From his undergraduate and doctoral studies at Temple University and Bryn Mawr College, to his work in industry (where his roles ranged from new product development for a small laser manufacturing company to doing defense-based work on satellite-based laser systems for a multinational corporation), McGee’s research interests have focused on how light interacts with materials, he explained, adding that he’s always been particularly fascinated by “lasers and holograms and those sorts of things.”
That fascination continues to this day in his work at the College, where he arrived a year and a half ago after teaching for 12 years at Drew University. McGee, an associate professor of physics, says that he came to the College because of its established engineering school and its strong chemistry department, both of which have been instrumental in his work.
“What we do is we work with the synthetic chemist to try to measure some of the optical properties that might be of interest to both the design people and the chemists themselves,” he said. “Basically, people want to know if they make a molecule with certain electrical properties on one end, and not the other end, how that [would] affect the overall behavior of the device.
“Chemists, physicists, engineers, and material scientists have all gotten together in the last 10 or 15 years to try and engineer this new breed of organic material—a material which gives off brightly colored light with very low power requirements,” McGee added.
Those lights that McGee refers to have become common in today’s world, in devices such as flat-screen TVs and cellphones.
“Anyone who has seen these flat-screen TVs and cellphones screens and touch screens, these vivid displays that have become so common in the last 10 to 15 years, all of those new display devices are based on these new engineered organic materials,” McGee said. “Materials that use incredibly small amounts of energy and don’t require these huge power supplies.”
The development and application of these organic materials is something that McGee says he couldn’t have anticipated when his interest in the subject first began, but he believes that he has found himself in “the right place at the right time to take advantage of it.”
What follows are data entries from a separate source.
(* Let $r\ge 3$ and $1\le t\le r-2$ be integers. If $\mathcal F\subseteq X_1\times\dots\times X_r$ is coordinate-wise shifted and is a non-trivial $t$-intersecting family, then the family of projections $\mathcal P(\mathcal F)\subseteq 2^{[r]}$ is non-trivial $t$-intersecting, i.e. $|A\cap B|\ge t$ for all $A,B\in\mathcal P(\mathcal F)$ and $\bigl|\bigcap_{P\in\mathcal P(\mathcal F)}P\bigr|<t$.
   Context: Let $X_\ell=[n_\ell]$ for $1\le \ell\le r$, with $n_\ell\ge2$. For $A,B\in X_1\times\dots\times X_r$, write $A\cap B=\{\ell:A[\ell]=B[\ell]\}$ ($A[\ell]$ the $\ell$-th coordinate). $\mathcal F$ is $t$-intersecting if $|A\cap B|\ge t$ for all $A,B\in\mathcal F$; $\bigcap\mathcal F$ is the set of coordinates $\ell$ on which all members of $\mathcal F$ agree; a $t$-intersecting $\mathcal F$ is non-trivial if $|\bigcap\mathcal F|<t$. The projection of $F$ is $\mathcal P(F)=\{\ell\in[r]:F[\ell]=1\}$ and $\mathcal P(\mathcal F)=\{\mathcal P(F):F\in\mathcal F\}$. For $1\le\ell\le r$ and $1<j\le n_\ell$, the shift $S^{(\ell)}_j$ acts on $F\in\mathcal F$ by: if $F[\ell]=j$ and the sequence $F'$ obtained from $F$ by replacing its $\ell$-th coordinate by $1$ is not in $\mathcal F$, then $S^{(\ell)}_j(F)=F'$; otherwise $S^{(\ell)}_j(F)=F$. Set $S^{(\ell)}_j(\mathcal F)=\{S^{(\ell)}_j(F):F\in\mathcal F\}$. $\mathcal F$ is $\ell$-shifted if $S^{(\ell)}_j(\mathcal F)=\mathcal F$ for all $1<j\le n_\ell$, and coordinate-wise shifted if it is $\ell$-shifted for every $1\le\ell\le r$. *)

theory Defs
  imports Main "HOL-Library.FuncSet"
begin

text \<open>Sequences in X_1 x ... x X_r are functions on coordinates {1..r}
  (extensional: undefined outside), with X_l = {1..n l}.\<close>

definition prodspace :: "nat \<Rightarrow> (nat \<Rightarrow> nat) \<Rightarrow> (nat \<Rightarrow> nat) set" where
  "prodspace r n = PiE {1..r} (\<lambda>l. {1..n l})"

definition agree :: "nat \<Rightarrow> (nat \<Rightarrow> nat) \<Rightarrow> (nat \<Rightarrow> nat) \<Rightarrow> nat set" where
  "agree r A B = {l \<in> {1..r}. A l = B l}"

definition t_intersecting :: "nat \<Rightarrow> nat \<Rightarrow> (nat \<Rightarrow> nat) set \<Rightarrow> bool" where
  "t_intersecting r t FF \<longleftrightarrow> (\<forall>A\<in>FF. \<forall>B\<in>FF. card (agree r A B) \<ge> t)"

definition common_coords :: "nat \<Rightarrow> (nat \<Rightarrow> nat) set \<Rightarrow> nat set" where
  "common_coords r FF = {l \<in> {1..r}. \<forall>A\<in>FF. \<forall>B\<in>FF. A l = B l}"

definition nontrivial_t_intersecting :: "nat \<Rightarrow> nat \<Rightarrow> (nat \<Rightarrow> nat) set \<Rightarrow> bool" where
  "nontrivial_t_intersecting r t FF \<longleftrightarrow> t_intersecting r t FF \<and> card (common_coords r FF) < t"

definition shift_elem :: "nat \<Rightarrow> nat \<Rightarrow> (nat \<Rightarrow> nat) set \<Rightarrow> (nat \<Rightarrow> nat) \<Rightarrow> (nat \<Rightarrow> nat)" where
  "shift_elem l j FF F = (if F l = j \<and> F(l := 1) \<notin> FF then F(l := 1) else F)"

definition shift_family :: "nat \<Rightarrow> nat \<Rightarrow> (nat \<Rightarrow> nat) set \<Rightarrow> (nat \<Rightarrow> nat) set" where
  "shift_family l j FF = shift_elem l j FF ` FF"

definition coord_shifted :: "nat \<Rightarrow> (nat \<Rightarrow> nat) \<Rightarrow> (nat \<Rightarrow> nat) set \<Rightarrow> bool" where
  "coord_shifted r n FF \<longleftrightarrow> (\<forall>l\<in>{1..r}. \<forall>j. 1 < j \<and> j \<le> n l \<longrightarrow> shift_family l j FF = FF)"

definition proj :: "nat \<Rightarrow> (nat \<Rightarrow> nat) \<Rightarrow> nat set" where
  "proj r F = {l \<in> {1..r}. F l = 1}"

definition set_t_intersecting :: "nat \<Rightarrow> nat set set \<Rightarrow> bool" where
  "set_t_intersecting t P \<longleftrightarrow> (\<forall>A\<in>P. \<forall>B\<in>P. card (A \<inter> B) \<ge> t)"

text \<open>Intersection of a family of subsets of [r] (taken inside [r]).\<close>
definition set_common :: "nat \<Rightarrow> nat set set \<Rightarrow> nat set" where
  "set_common r P = {1..r} \<inter> \<Inter> P"

end

theory Submission
  imports Defs
begin

text \<open>In a coordinate-wise shifted family every coordinate of a member can be reset to 1,
  one coordinate at a time. Resetting all coordinates where \<open>B\<close> differs from 1 turns \<open>A\<close>
  into a member \<open>A'\<close> with \<open>A' \<inter> B = \<P>(A) \<inter> \<P>(B)\<close>, so the projections inherit
  \<open>t\<close>-intersection. A coordinate lying in every projection is one on which all members
  equal 1, so \<open>\<Inter>\<P>(\<F>) \<subseteq> \<Inter>\<F>\<close> and non-triviality is inherited too.\<close>

lemma coord_shifted_fun_upd_one:
  assumes "FF \<subseteq> prodspace r n" and "coord_shifted r n FF"
    and "F \<in> FF" and "l \<in> {1..r}"
  shows "F(l := 1) \<in> FF"
proof (cases "F l = 1")
  case True
  then show ?thesis using \<open>F \<in> FF\<close> by (metis fun_upd_triv)
next
  case False
  have "F l \<in> {1..n l}"
    using assms(1,3,4) unfolding prodspace_def by (auto simp: PiE_def Pi_def)
  with False have "shift_family l (F l) FF = FF"
    using assms(2,4) unfolding coord_shifted_def by auto
  moreover have "F(l := 1) \<in> shift_family l (F l) FF" if "F(l := 1) \<notin> FF"
    using that \<open>F \<in> FF\<close> unfolding shift_family_def shift_elem_def by force
  ultimately show ?thesis by blast
qed

lemma coord_shifted_reset_to_one:
  assumes "FF \<subseteq> prodspace r n" and "coord_shifted r n FF"
    and "F \<in> FF" and "U \<subseteq> {1..r}"
  shows "(\<lambda>l. if l \<in> U then 1 else F l) \<in> FF"
proof -
  have "finite U" using assms(4) finite_subset by blast
  from this assms(4) show ?thesis
  proof (induction U rule: finite_induct)
    case empty
    then show ?case using \<open>F \<in> FF\<close> by simp
  next
    case (insert x U)
    then have "(\<lambda>l. if l \<in> U then 1 else F l)(x := 1) \<in> FF"
      by (intro coord_shifted_fun_upd_one[OF assms(1,2)]) auto
    moreover have "(\<lambda>l. if l \<in> U then 1 else F l)(x := 1)
        = (\<lambda>l. if l \<in> insert x U then 1 else F l)"
      by auto
    ultimately show ?case by simp
  qed
qed

lemma agree_reset_to_one_eq_proj_Int:
  "agree r (\<lambda>l. if l \<in> {1..r} \<and> B l \<noteq> 1 then 1 else A l) B = proj r A \<inter> proj r B"
  unfolding agree_def proj_def by auto

lemma set_t_intersecting_proj:
  assumes "FF \<subseteq> prodspace r n" and "coord_shifted r n FF"
    and "t_intersecting r t FF"
  shows "set_t_intersecting t (proj r ` FF)"
  unfolding set_t_intersecting_def
proof (intro ballI)
  fix PA PB assume "PA \<in> proj r ` FF" "PB \<in> proj r ` FF"
  then obtain A B where "A \<in> FF" "B \<in> FF" and P: "PA = proj r A" "PB = proj r B"
    by auto
  define A' where "A' = (\<lambda>l. if l \<in> {1..r} \<and> B l \<noteq> 1 then 1 else A l)"
  have "{l \<in> {1..r}. B l \<noteq> 1} \<subseteq> {1..r}" by blast
  from coord_shifted_reset_to_one[OF assms(1,2) \<open>A \<in> FF\<close> this]
  have "A' \<in> FF"
    unfolding A'_def by (simp only: mem_Collect_eq)
  with \<open>B \<in> FF\<close> assms(3) have "t \<le> card (agree r A' B)"
    unfolding t_intersecting_def by blast
  then show "t \<le> card (PA \<inter> PB)"
    unfolding A'_def agree_reset_to_one_eq_proj_Int P .
qed

lemma set_common_proj_subset_common_coords:
  "set_common r (proj r ` FF) \<subseteq> common_coords r FF"
proof
  fix x assume "x \<in> set_common r (proj r ` FF)"
  then have "x \<in> {1..r}" and one: "\<forall>F\<in>FF. F x = 1"
    unfolding set_common_def proj_def by auto
  moreover have "A x = B x" if "A \<in> FF" "B \<in> FF" for A B
    using one[rule_format, OF that(1)] one[rule_format, OF that(2)] by simp
  ultimately show "x \<in> common_coords r FF"
    unfolding common_coords_def by blast
qed

lemma card_set_common_proj_le:
  "card (set_common r (proj r ` FF)) \<le> card (common_coords r FF)"
  by (rule card_mono[OF _ set_common_proj_subset_common_coords]) (simp add: common_coords_def)

theorem lemma2p1:
  fixes r t :: nat and n :: "nat \<Rightarrow> nat" and FF :: "(nat \<Rightarrow> nat) set"
  assumes "r \<ge> 3" and "1 \<le> t" and "t \<le> r - 2"
    and "\<forall>l\<in>{1..r}. n l \<ge> 2"
    and "FF \<subseteq> prodspace r n"
    and "coord_shifted r n FF"
    and "nontrivial_t_intersecting r t FF"
  shows "set_t_intersecting t (proj r ` FF) \<and> card (set_common r (proj r ` FF)) < t"
proof
  have "t_intersecting r t FF" and "card (common_coords r FF) < t"
    using assms(7) unfolding nontrivial_t_intersecting_def by auto
  then show "set_t_intersecting t (proj r ` FF)"
    and "card (set_common r (proj r ` FF)) < t"
    using set_t_intersecting_proj[OF assms(5,6)] card_set_common_proj_le[of r FF]
    by simp_all
qed

end
lemma card_neighbours_hamming_graph_le:
  assumes "u \<in> verts (hamming_graph k t)"
  shows "card (neighbours (hamming_graph k t) u) \<le> k * t"
proof -
  obtain x where x: "x \<in> hamming_words k t" "u = to_nat x"
    using assms unfolding verts_hamming_graph by blast
  have "neighbours (hamming_graph k t) u \<subseteq> to_nat ` (\<Union>i<k. hamming_line t x i)"
  proof
    fix w assume w: "w \<in> neighbours (hamming_graph k t) u"
    then obtain y where y: "y \<in> hamming_words k t" "w = to_nat y"
      using neighbours_subset_verts[OF simple_graph_hamming_graph] unfolding verts_hamming_graph by blast
    then have "{to_nat x, to_nat y} \<in> edges (hamming_graph k t)"
      using w x(2) unfolding neighbours_def by simp
    then have "hamming_adj x y"
      using edge_hamming_graph_iff[OF x(1) y(1)] by simp
    then obtain i where i: "i < length x" "y = x[i := y ! i]"
      unfolding hamming_adj_def by blast
    then have "i < k"
      using length_hamming_word[OF x(1)] by simp
    then have "y \<in> hamming_line t x i"
      using mem_hamming_line[OF i(1)] i(2) nth_hamming_word_less[OF y(1)] by simp
    with \<open>i < k\<close> y(2) show "w \<in> to_nat ` (\<Union>i<k. hamming_line t x i)"
      by blast
  qed
  then have "card (neighbours (hamming_graph k t) u) \<le> card (to_nat ` (\<Union>i<k. hamming_line t x i))"
    by (rule card_mono[rotated]) (simp add: hamming_line_def)
  also have "\<dots> \<le> (\<Sum>i<k. card (hamming_line t x i))"
    by (simp add: card_image card_UN_le)
  also have "\<dots> = k * t"
    using card_hamming_line length_hamming_word[OF x(1)] by simp
  finally show ?thesis .
qed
Working with collaborators at the University of Wisconsin, McGee and his team of students are currently trying to use dye molecules as a type of film, somewhere in between old-style photographical film and the camera in a cellphone. The experiment strives to send a laser beam through a transparency and into the dye molecule. The hope is that the dye molecule can store the image, and a few days later can be lit up with a “bright, expanded laser beam the size of a flashlight beam, which would literally project the image on a piece of paper or a screen,” he said.
The resolution would not be to the quality that people are used to seeing, McGee said, but it would be a start, and could show whether or not the procedure works.
“It’s a version of photography, or holography,” McGee said. “(The experiment) will tell us whether these materials have potential as the light-sensitive element in a camera phone.”